Housing Classification with Transformers

This repo aims to perform the classification of housing data into Apartment or House. It fine-tunes and evaluates two pre-trained transformer models on a real estate dataset.


Contents


Installation

$ virtualenv venv -p python3
$ source venv/bin/activate
$ pip install -r requirements.txt
$ pip install torch --extra-index-url https://download.pytorch.org/whl/cpu

Data

Preprocessing text file

Pre-process external files to generate training, development and test sets.

$ python -m src.data.make_dataset <dataset_file>

Parameters:

  • dataset_file: Housing dataset (.json) + binary labels (Apartment, House), e.g. "assessment_NLP.json".

The files must be inside:

$./data/raw/

Output:

$./data/processed/

Train

Fine-tune pre-trained transformer models on training and development data.

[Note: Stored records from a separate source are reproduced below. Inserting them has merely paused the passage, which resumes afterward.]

(* Let $n\ge1$, let $\mathbf{a},\mathbf{b}\in\{0,1\}^{n-1}$ and let $x,y\in\mathbb{Q}[t]$. Then in the total complex $\mathrm{Tot}(\mathcal{L}^{\mathbb{Q}}_{T^n}(\mathbb{Q}[t];\mathbb{Q}))$, in multi-degree $\mathbf{1}_n$, \[x_{(\mathbf{a},1)}\cdot y_{(\mathbf{b},1)}\sim x_{(\mathbf{a},0)}\cdot y_{(\mathbf{b},1)}+x_{(\mathbf{a},1)}\cdot y_{(\mathbf{b},0)}.\]
   Context: The $n$-chain complex $C=\mathcal{L}^{\mathbb{Q}}_{T^n}(\mathbb{Q}[t];\mathbb{Q})$: in multi-degree $\mathbf{V}=(v_1,\dots,v_n)\in\mathbb{N}^n$, $C_{\mathbf{V}}=\mathbb{Q}\otimes\bigotimes_{\mathbf{0}\neq\mathbf{v}\le\mathbf{V}}\mathbb{Q}[t]$ (tensors over $\mathbb{Q}$), i.e. elements are sums of "multi-matrices" of size $(v_1+1)\times\cdots\times(v_n+1)$ with entries in $\mathbb{Q}[t]$ at coordinates $\mathbf{v}\ne\mathbf{0}_n$ ($\mathbf{0}\le\mathbf{v}\le\mathbf{V}$ entrywise) and an entry in $\mathbb{Q}$ at $\mathbf{0}_n$, where $\mathbb{Q}$ is a $\mathbb{Q}[t]$-module via $t\mapsto0$. In direction $i$, the slices of a multi-matrix are indexed by the $i$th coordinate $j\in\{0,\dots,v_i\}$; the face map $d_{i,j}$ for $0\le j<v_i$ multiplies slice $j$ and slice $j+1$ entrywise into one slice, and $d_{i,v_i}$ multiplies slice $v_i$ entrywise into slice $0$ (the Hochschild face maps in each direction). Put $\mathrm{d}_i=\sum_{j=0}^{v_i}(-1)^jd_{i,j}$; the total complex $\mathrm{Tot}(C)$ has differential $\mathrm{d}=\sum_{i=1}^n(-1)^{v_1+\cdots+v_{i-1}}\mathrm{d}_i$ in component $\mathbf{V}$. We write $\mathbf{0}_m,\mathbf{1}_m$ for the constant vectors of length $m$. For $x\in\mathbb{Q}[t]$ and a coordinate $\mathbf{v}$, $x_{\mathbf{v}}$ is the multi-matrix with $x$ at $\mathbf{v}$ (its image in $\mathbb{Q}$ if $\mathbf{v}=\mathbf{0}$) and $1$ elsewhere; $x_{\mathbf{v}}\cdot y_{\mathbf{w}}$ is their product (entrywise), i.e. $x$ at $\mathbf{v}$, $y$ at $\mathbf{w}$ if $\mathbf{v}\neq\mathbf{w}$, and $xy$ at $\mathbf{v}$ if $\mathbf{v}=\mathbf{w}$. The relation $\sim$ means the two elements differ by a boundary in $\mathrm{Tot}(C)$. *)

theory Defs
  imports "HOL-Computational_Algebra.Polynomial"
begin

text \<open>
Concrete model of the n-chain complex C = L_{T^n}(Q[t];Q).
A multi-degree V and a coordinate v are lists of naturals of length n.
The tensor product over Q of copies of Q[t] indexed by the nonzero coordinates
v <= V, tensored with Q at the zero coordinate, has as Q-basis the monomials:
exponent maps e :: nat list => nat supported on the nonzero coordinates v <= V
(the entry t^(e v) sits at coordinate v, the entry at the zero coordinate is 1).
An element of Tot(C) is a finitely supported function from pairs (V, e)
to rat, supported on valid pairs.
\<close>

definition coord_le :: "nat list \<Rightarrow> nat list \<Rightarrow> bool" where
  "coord_le v V \<longleftrightarrow> length v = length V \<and> (\<forall>k<length V. v ! k \<le> V ! k)"

definition valid_mono :: "nat \<Rightarrow> nat list \<Rightarrow> (nat list \<Rightarrow> nat) \<Rightarrow> bool" where
  "valid_mono n V e \<longleftrightarrow> length V = n \<and>
     (\<forall>w. e w \<noteq> 0 \<longrightarrow> coord_le w V \<and> w \<noteq> replicate n 0)"

type_synonym tot = "nat list \<times> (nat list \<Rightarrow> nat) \<Rightarrow> rat"

definition is_chain :: "nat \<Rightarrow> tot \<Rightarrow> bool" where
  "is_chain n u \<longleftrightarrow> finite {p. u p \<noteq> 0} \<and> (\<forall>V e. u (V, e) \<noteq> 0 \<longrightarrow> valid_mono n V e)"

text \<open>Coordinate map of the face map d_{i,j} in direction i (0-based) from degree V:
 for j < V!i slices j and j+1 are merged; for j = V!i slice V!i is merged into slice 0.\<close>
definition merge_map :: "nat list \<Rightarrow> nat \<Rightarrow> nat \<Rightarrow> nat list \<Rightarrow> nat list" where
  "merge_map V i j v = v[i := (if j < V ! i then (if v ! i \<le> j then v ! i else v ! i - 1)
                               else (if v ! i = V ! i then 0 else v ! i))]"

text \<open>Exponents add under entrywise multiplication of slices.\<close>
definition push_mono :: "(nat list \<Rightarrow> nat list) \<Rightarrow> (nat list \<Rightarrow> nat) \<Rightarrow> nat list \<Rightarrow> nat" where
  "push_mono \<phi> e w = (\<Sum>v\<in>{v. e v \<noteq> 0 \<and> \<phi> v = w}. e v)"

text \<open>Face map d_{i,j} on a basis monomial (V,e), as an element of Tot(C).
 If a positive power of t lands at the zero coordinate, the result is 0
 (Q is a Q[t]-module via t acting as 0).\<close>
definition face :: "nat \<Rightarrow> nat list \<Rightarrow> (nat list \<Rightarrow> nat) \<Rightarrow> nat \<Rightarrow> nat \<Rightarrow> tot" where
  "face n V e i j = (\<lambda>(W, f).
     if W = V[i := V ! i - 1] \<and> f = push_mono (merge_map V i j) e \<and> valid_mono n W f
     then 1 else 0)"

definition dbasis :: "nat \<Rightarrow> nat list \<Rightarrow> (nat list \<Rightarrow> nat) \<Rightarrow> tot" where
  "dbasis n V e = (\<lambda>q. \<Sum>i<n. (-1::rat) ^ (\<Sum>k<i. V ! k) *
      (if V ! i = 0 then 0 else (\<Sum>j\<le>V ! i. (-1::rat) ^ j * face n V e i j q)))"

definition totd :: "nat \<Rightarrow> tot \<Rightarrow> tot" where
  "totd n u = (\<lambda>q. \<Sum>p\<in>{p. u p \<noteq> 0}. u p * dbasis n (fst p) (snd p) q)"

definition homologous :: "nat \<Rightarrow> tot \<Rightarrow> tot \<Rightarrow> bool" where
  "homologous n z w \<longleftrightarrow> (\<exists>u. is_chain n u \<and> (\<forall>q. z q - w q = totd n u q))"

text \<open>The element x_v * y_w in degree V: entry x at v, y at w (xy at v if v = w),
 1 elsewhere; an entry at the zero coordinate is replaced by its image in Q.\<close>
definition prod2 :: "nat \<Rightarrow> nat list \<Rightarrow> nat list \<Rightarrow> rat poly \<Rightarrow> nat list \<Rightarrow> rat poly \<Rightarrow> tot" where
  "prod2 n V v x w y = (\<lambda>(W, e).
     if W = V \<and> valid_mono n V e then
       (if v = w then (if (\<forall>u. u \<noteq> v \<longrightarrow> e u = 0) then coeff (x * y) (e v) else 0)
        else (if (\<forall>u. u \<noteq> v \<and> u \<noteq> w \<longrightarrow> e u = 0) then coeff x (e v) * coeff y (e w) else 0))
     else 0)"

end

(*
  The bounding chain is x_(a,1) * y_(b,2) in multi-degree (1,...,1,2), up to the sign (-1)^n.
  In each of the first n - 1 directions the degree is 1 and both marked coordinates have
  entry 0 or 1, so the faces d_{i,0} and d_{i,1} coincide and cancel in d_i.  In the last
  direction the faces d_{n,0}, d_{n,1}, d_{n,2} move the last entries (1, 2) of the two
  coordinates to (0, 1), (1, 1) and (1, 0), which yields
  x_(a,0) * y_(b,1) - x_(a,1) * y_(b,1) + x_(a,1) * y_(b,0) times (-1)^(n-1).
*)

theory Submission
  imports Defs
begin

definition basis_chain :: "nat \<Rightarrow> nat list \<Rightarrow> (nat list \<Rightarrow> nat) \<Rightarrow> tot" where
  "basis_chain n V e = (\<lambda>p. if p = (V, e) \<and> valid_mono n V e then 1 else 0)"

definition monomial2 :: "nat list \<Rightarrow> nat \<Rightarrow> nat list \<Rightarrow> nat \<Rightarrow> nat list \<Rightarrow> nat" where
  "monomial2 v i w j = (\<lambda>u. (if u = v then i else 0) + (if u = w then j else 0))"

lemma basis_chain_nonzeroD:
  assumes "basis_chain n V e p \<noteq> 0"
  shows "p = (V, e)" and "valid_mono n V e"
  using assms by (auto simp: basis_chain_def split: if_splits)

lemma face_eq_basis_chain:
  "face n V e i j = basis_chain n (V[i := V ! i - 1]) (push_mono (merge_map V i j) e)"
  unfolding face_def basis_chain_def by (intro ext) (auto split: if_splits)

lemma push_mono_cong:
  assumes "\<And>u. e u \<noteq> 0 \<Longrightarrow> \<phi> u = \<psi> u"
  shows "push_mono \<phi> e = push_mono \<psi> e"
  unfolding push_mono_def using assms by (intro ext sum.cong) auto

lemma push_mono_monomial2:
  "push_mono \<phi> (monomial2 v i w j) = monomial2 (\<phi> v) i (\<phi> w) j"
proof
  fix z
  let ?e = "monomial2 v i w j"
  have "push_mono \<phi> ?e z = (\<Sum>u\<in>{u\<in>{v, w}. \<phi> u = z}. ?e u)"
    unfolding push_mono_def
    by (rule sum.mono_neutral_left) (auto simp: monomial2_def split: if_splits)
  also have "\<dots> = (\<Sum>u\<in>{v, w}. if \<phi> u = z then ?e u else 0)"
    by (rule sum.inter_filter) simp
  also have "\<dots> = monomial2 (\<phi> v) i (\<phi> w) j z"
    by (cases "v = w") (auto simp: monomial2_def)
  finally show "push_mono \<phi> ?e z = monomial2 (\<phi> v) i (\<phi> w) j z" .
qed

$ python -m src.models.train_model <model_name>

Parameters:

  • model_name: pre-trained transformer model, e.g. "distilbert-base-uncased" or "bert-base-uncased".

Output:

$./model/

Evaluation

Evaluate transformer models on test data.

$ python -m src.models.evaluate_model <model_name>

Parameters:

  • model_name: transformer model fine-tuned on <dataset_file>, e.g. "checkpoint-32924".

The file must be inside:

$./model/

Experimentation

Perform evaluation of Housing Classification models on test data.

$ cd notebooks/
$ jupyter notebook